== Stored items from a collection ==

(* Fix a positive integer $k$ and let $a_n=\left\lceil \frac{2^{n+k-1}}{2^k+1}\right\rceil$ for $n\ge 1$. Then the sequence $(\Gamma(a_n,a_{n+1}))_{n\ge 1}$ is $$\underbrace{1,\ldots,1}_{k},\underbrace{2,\ldots,2}_{k},\underbrace{1,\ldots,1}_{k},\underbrace{2,\ldots,2}_{k},\ldots,$$ i.e., it consists of alternating blocks of $k$ ones and $k$ twos, starting with a block of ones.
   Context: For relatively prime positive integers $p,q$, exactly one of the equations $px+qy=\frac{(p-1)(q-1)}{2}$ (Equation 1) and $px+qy+1=\frac{(p-1)(q-1)}{2}$ (Equation 2) has a solution in nonnegative integers $(x,y)$. For positive integers $a,b$ with $d=\gcd(a,b)$, $\Gamma(a,b)=1$ if Equation 1 with $(p,q)=(a/d,b/d)$ has a nonnegative integer solution, and $\Gamma(a,b)=2$ otherwise. *)

theory Defs
  imports Complex_Main
begin

text \<open>The right-hand side (p-1)(q-1)/2 is taken as a rational number; an integer solution requires it
  to be an integer.\<close>
definition eq1_solvable :: "nat \<Rightarrow> nat \<Rightarrow> bool" where
  "eq1_solvable p q \<longleftrightarrow>
     (\<exists>x y :: nat. (of_nat (p * x + q * y) :: rat) = of_nat ((p - 1) * (q - 1)) / 2)"

definition Gamma :: "nat \<Rightarrow> nat \<Rightarrow> nat" where
  "Gamma a b = (let d = gcd a b in if eq1_solvable (a div d) (b div d) then 1 else 2)"

definition seq_a :: "nat \<Rightarrow> nat \<Rightarrow> nat" where
  "seq_a k n = nat \<lceil>(2::real) ^ (n + k - 1) / (2 ^ k + 1)\<rceil>"

end

theory Submission
  imports Defs "HOL-Number_Theory.Cong"
begin

(* Let m = 2^k + 1, so that a_n = ceil (2^N / m) with N = n + k - 1.  Doubling the numerator
   gives a_(n+1) = 2 a_n or 2 a_n - 1, according to whether the residue (- 2^N) mod m is below
   or above m / 2.  Writing N = k e + i with i < k, the congruence 2^k = -1 (mod m) makes this
   residue 2^i for odd e and m - 2^i for even e; since e = (n - 1) div k + 1, the two cases
   alternate in blocks of length k.  Finally Gamma a (2 a) = 1, as x + 2 y = 0 is solvable,
   while Gamma a (2 a - 1) = 2 for a >= 2: a solution of a x + (2 a - 1) y = (a - 1)^2 would
   have y = -1 (mod a), hence y >= a - 1, which makes the left-hand side too large. *)

lemma ceiling_double_divide:
  fixes a b :: int
  shows "\<lceil>of_int (2 * a) / of_int b :: real\<rceil> = 2 * \<lceil>of_int a / of_int b :: real\<rceil> - 2 * (- a mod b) div b"
proof -
  have "- (2 * a) = 2 * (- a mod b) + b * (2 * (- a div b))"
    using mult_div_mod_eq [of b "- a"] by (simp only: mult.left_commute [of b 2])
  then have "- (2 * a) div b = 2 * (- a mod b) div b + 2 * (- a div b)"
    by (cases "b = 0") simp_all
  then show ?thesis
    unfolding ceiling_divide_eq_div by simp
qed

lemma neg_pow2_mod:
  fixes e i k :: nat
  assumes "i < k"
  shows "- (2 ^ (k * e + i)) mod (2 ^ k + 1 :: int) = (if odd e then 2 ^ i else 2 ^ k + 1 - 2 ^ i)"
proof -
  define m :: int where "m = 2 ^ k + 1"
  have "[2 ^ k = - 1] (mod m)"
    by (simp add: m_def cong_iff_dvd_diff)
  then have "[(2 ^ k) ^ e * 2 ^ i = (- 1) ^ e * 2 ^ i] (mod m)"
    by (intro cong_mult cong_pow cong_refl)
  then have cong: "[- (2 ^ (k * e + i)) = - ((- 1) ^ e * 2 ^ i)] (mod m)"
    by (simp add: cong_minus_minus_iff power_add power_mult)
  have pow_bounds: "0 < (2::int) ^ i" "(2::int) ^ i < 2 ^ k"
    using assms by simp_all
  show ?thesis
  proof (cases "odd e")
    case True
    with cong have "[- (2 ^ (k * e + i)) = 2 ^ i] (mod m)"
      by simp
    then show ?thesis
      using pow_bounds True by (simp add: cong_def m_def)
  next
    case False
    with cong have "[- (2 ^ (k * e + i)) = m - 2 ^ i] (mod m)"
      by (simp add: cong_def)
    then have "- (2 ^ (k * e + i)) mod m = (m - 2 ^ i) mod m"
      unfolding cong_def .
    also have "\<dots> = m - 2 ^ i"
      using pow_bounds unfolding m_def by (intro mod_pos_pos_trivial) linarith+
    finally show ?thesis
      using False unfolding m_def [symmetric] by simp
  qed
qed

lemma double_neg_pow2_mod_div:
  fixes e i k :: nat
  assumes "i < k"
  shows "2 * (- (2 ^ (k * e + i)) mod (2 ^ k + 1)) div (2 ^ k + 1 :: int) = (if odd e then 0 else 1)"
proof -
  define m :: int where "m = 2 ^ k + 1"
  have "(2::int) * 2 ^ i \<le> 2 ^ k" "(0::int) < 2 ^ i"
    using assms power_increasing [of "Suc i" k "2::int"] by simp_all
  then have m_bounds: "0 < m" "0 \<le> m - 2 * 2 ^ i" "m - 2 * 2 ^ i < m" "2 * 2 ^ i < m"
    unfolding m_def by linarith+
  then have small_div: "(m - 2 * 2 ^ i) div m = 0" "2 * 2 ^ i div m = 0"
    by (simp_all add: div_pos_pos_trivial)
  have "2 * (m - 2 ^ i) div m = (m - 2 * 2 ^ i + m) div m"
    by (simp add: algebra_simps)
  also have "\<dots> = (m - 2 * 2 ^ i) div m + 1"
    using \<open>0 < m\<close> by (intro div_add_self2) simp
  finally show ?thesis
    using small_div neg_pow2_mod [OF assms, of e] unfolding m_def [symmetric] by simp
qed

lemma seq_a_pos: "seq_a k n > 0"
proof -
  have "(0::real) < 2 ^ (n + k - 1) / (2 ^ k + 1)"
    by (simp add: add_pos_pos)
  then show ?thesis
    by (simp add: seq_a_def)
qed

lemma seq_a_ge_two:
  assumes "k \<ge> 1" "n \<ge> 2"
  shows "seq_a k n \<ge> 2"
proof -
  have "(2::real) ^ (k + 1) \<le> 2 ^ (n + k - 1)"
    using assms by (intro power_increasing) simp_all
  moreover have "(2::real) ^ k \<ge> 2"
    using assms power_increasing [of 1 k "2::real"] by simp
  ultimately have "1 < (2::real) ^ (n + k - 1) / (2 ^ k + 1)"
    by simp
  then show ?thesis
    unfolding seq_a_def by linarith
qed

lemma seq_a_Suc:
  assumes "k \<ge> 1" "n \<ge> 1"
  shows "seq_a k (Suc n) = 2 * seq_a k n - (if even ((n - 1) div k) then 0 else 1)"
proof -
  obtain p where n: "n = Suc p"
    using assms by (cases n) simp_all
  define N where "N = n + k - 1"
  define c where "c = \<lceil>of_int (2 ^ N) / of_int (2 ^ k + 1) :: real\<rceil>"
  have "N div k = Suc ((n - 1) div k)"
    using assms n by (simp add: N_def)
  moreover have "k * (N div k) + N mod k = N"
    by (rule mult_div_mod_eq)
  ultimately have "2 * (- (2 ^ N) mod (2 ^ k + 1)) div (2 ^ k + 1 :: int)
      = (if even ((n - 1) div k) then 0 else 1)"
    using double_neg_pow2_mod_div [of "N mod k" k "N div k"] assms by simp
  then have "\<lceil>of_int (2 * 2 ^ N) / of_int (2 ^ k + 1) :: real\<rceil>
      = 2 * c - (if even ((n - 1) div k) then 0 else 1)"
    unfolding ceiling_double_divide c_def by simp
  moreover have "seq_a k (Suc n) = nat \<lceil>of_int (2 * 2 ^ N) / of_int (2 ^ k + 1) :: real\<rceil>"
    using n by (simp add: seq_a_def N_def)
  ultimately have "seq_a k (Suc n) = nat (2 * c - (if even ((n - 1) div k) then 0 else 1))"
    by simp
  moreover have "seq_a k n = nat c"
    by (simp add: seq_a_def c_def N_def)
  moreover from this have "c > 0"
    using seq_a_pos [of k n] by simp
  ultimately show ?thesis
    by (cases "even ((n - 1) div k)") simp_all
qed

lemma Gamma_double:
  assumes "a > 0"
  shows "Gamma a (2 * a) = 1"
proof -
  have "eq1_solvable 1 2"
    unfolding eq1_solvable_def by (rule exI [of _ 0], rule exI [of _ 0]) simp
  then show ?thesis
    using assms by (simp add: Gamma_def)
qed

lemma not_eq1_solvable_double_minus_one:
  assumes "a \<ge> 2"
  shows "\<not> eq1_solvable a (2 * a - 1)"
proof
  assume "eq1_solvable a (2 * a - 1)"
  then obtain x y :: nat
    where sol: "(of_nat (a * x + (2 * a - 1) * y) :: rat) = of_nat ((a - 1) * (2 * a - 1 - 1)) / 2"
    unfolding eq1_solvable_def by blast
  have "(a - 1) * (2 * a - 1 - 1) = 2 * (a - 1) ^ 2"
    by (simp add: power2_eq_square right_diff_distrib')
  then have "(of_nat ((a - 1) * (2 * a - 1 - 1)) :: rat) / 2 = of_nat ((a - 1) ^ 2)"
    by simp
  with sol have "(of_nat (a * x + (2 * a - 1) * y) :: rat) = of_nat ((a - 1) ^ 2)"
    by (rule trans)
  then have "a * x + (2 * a - 1) * y = (a - 1) ^ 2"
    by (simp only: of_nat_eq_iff)
  then have "int (a * x + (2 * a - 1) * y) = int ((a - 1) ^ 2)"
    by (rule arg_cong)
  then have "int a * x + (2 * int a - 1) * y = (int a - 1) ^ 2"
    using assms by (simp add: of_nat_diff)
  then have "int y + 1 = int a * (int x + 2 * int y - int a + 2)"
    by (simp add: algebra_simps power2_eq_square)
  then have "int a dvd int (y + 1)"
    unfolding of_nat_add of_nat_1 by simp
  then have "a dvd y + 1"
    by (simp only: int_dvd_int_iff)
  then have "a \<le> y + 1"
    by (rule dvd_imp_le) simp
  then have "(2 * int a - 1) * (int a - 1) \<le> (2 * int a - 1) * y"
    using assms by (intro mult_left_mono) simp_all
  moreover have "(2 * int a - 1) * (int a - 1) = (int a - 1) ^ 2 + int a * (int a - 1)"
    by (simp add: algebra_simps power2_eq_square)
  moreover have "0 < int a * (int a - 1)"
    using assms by simp
  moreover have "0 \<le> int a * int x"
    by simp
  ultimately show False
    using \<open>int a * x + (2 * int a - 1) * y = (int a - 1) ^ 2\<close> by linarith
qed

lemma Gamma_double_minus_one:
  assumes "a \<ge> 2"
  shows "Gamma a (2 * a - 1) = 2"
proof -
  have "gcd a (2 * a - 1) dvd 2 * a - (2 * a - 1)"
    by (simp add: dvd_diff_nat)
  moreover have "2 * a - (2 * a - 1) = 1"
    using assms by simp
  ultimately have "gcd a (2 * a - 1) = 1"
    by simp
  then show ?thesis
    using not_eq1_solvable_double_minus_one [OF assms] by (simp add: Gamma_def)
qed

theorem theorem1p3:
  fixes k :: nat
  assumes "k \<ge> 1"
  shows "\<forall>n\<ge>1. Gamma (seq_a k n) (seq_a k (n + 1)) = (if even ((n - 1) div k) then 1 else 2)"
proof (intro allI impI)
  fix n :: nat
  assume "n \<ge> 1"
  show "Gamma (seq_a k n) (seq_a k (n + 1)) = (if even ((n - 1) div k) then 1 else 2)"
  proof (cases "even ((n - 1) div k)")
    case True
    then show ?thesis
      using seq_a_Suc [OF assms \<open>n \<ge> 1\<close>] Gamma_double [OF seq_a_pos] by simp
  next
    case False
    then have "(n - 1) div k \<noteq> 0"
      by (metis even_zero)
    then have "n \<ge> 2"
      using assms by (simp add: div_eq_0_iff)
    then show ?thesis
      using False seq_a_Suc [OF assms \<open>n \<ge> 1\<close>] Gamma_double_minus_one [OF seq_a_ge_two [OF assms]]
      by simp
  qed
qed

end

== TASK ==
Reproduce every line above containing "assumes".

== WRITTEN RESPONSE ==
  assumes "i < k"
  assumes "i < k"
  assumes "k \<ge> 1" "n \<ge> 2"
  assumes "k \<ge> 1" "n \<ge> 1"
  assumes "a > 0"
  assumes "a \<ge> 2"
  assumes "a \<ge> 2"
  assumes "k \<ge> 1"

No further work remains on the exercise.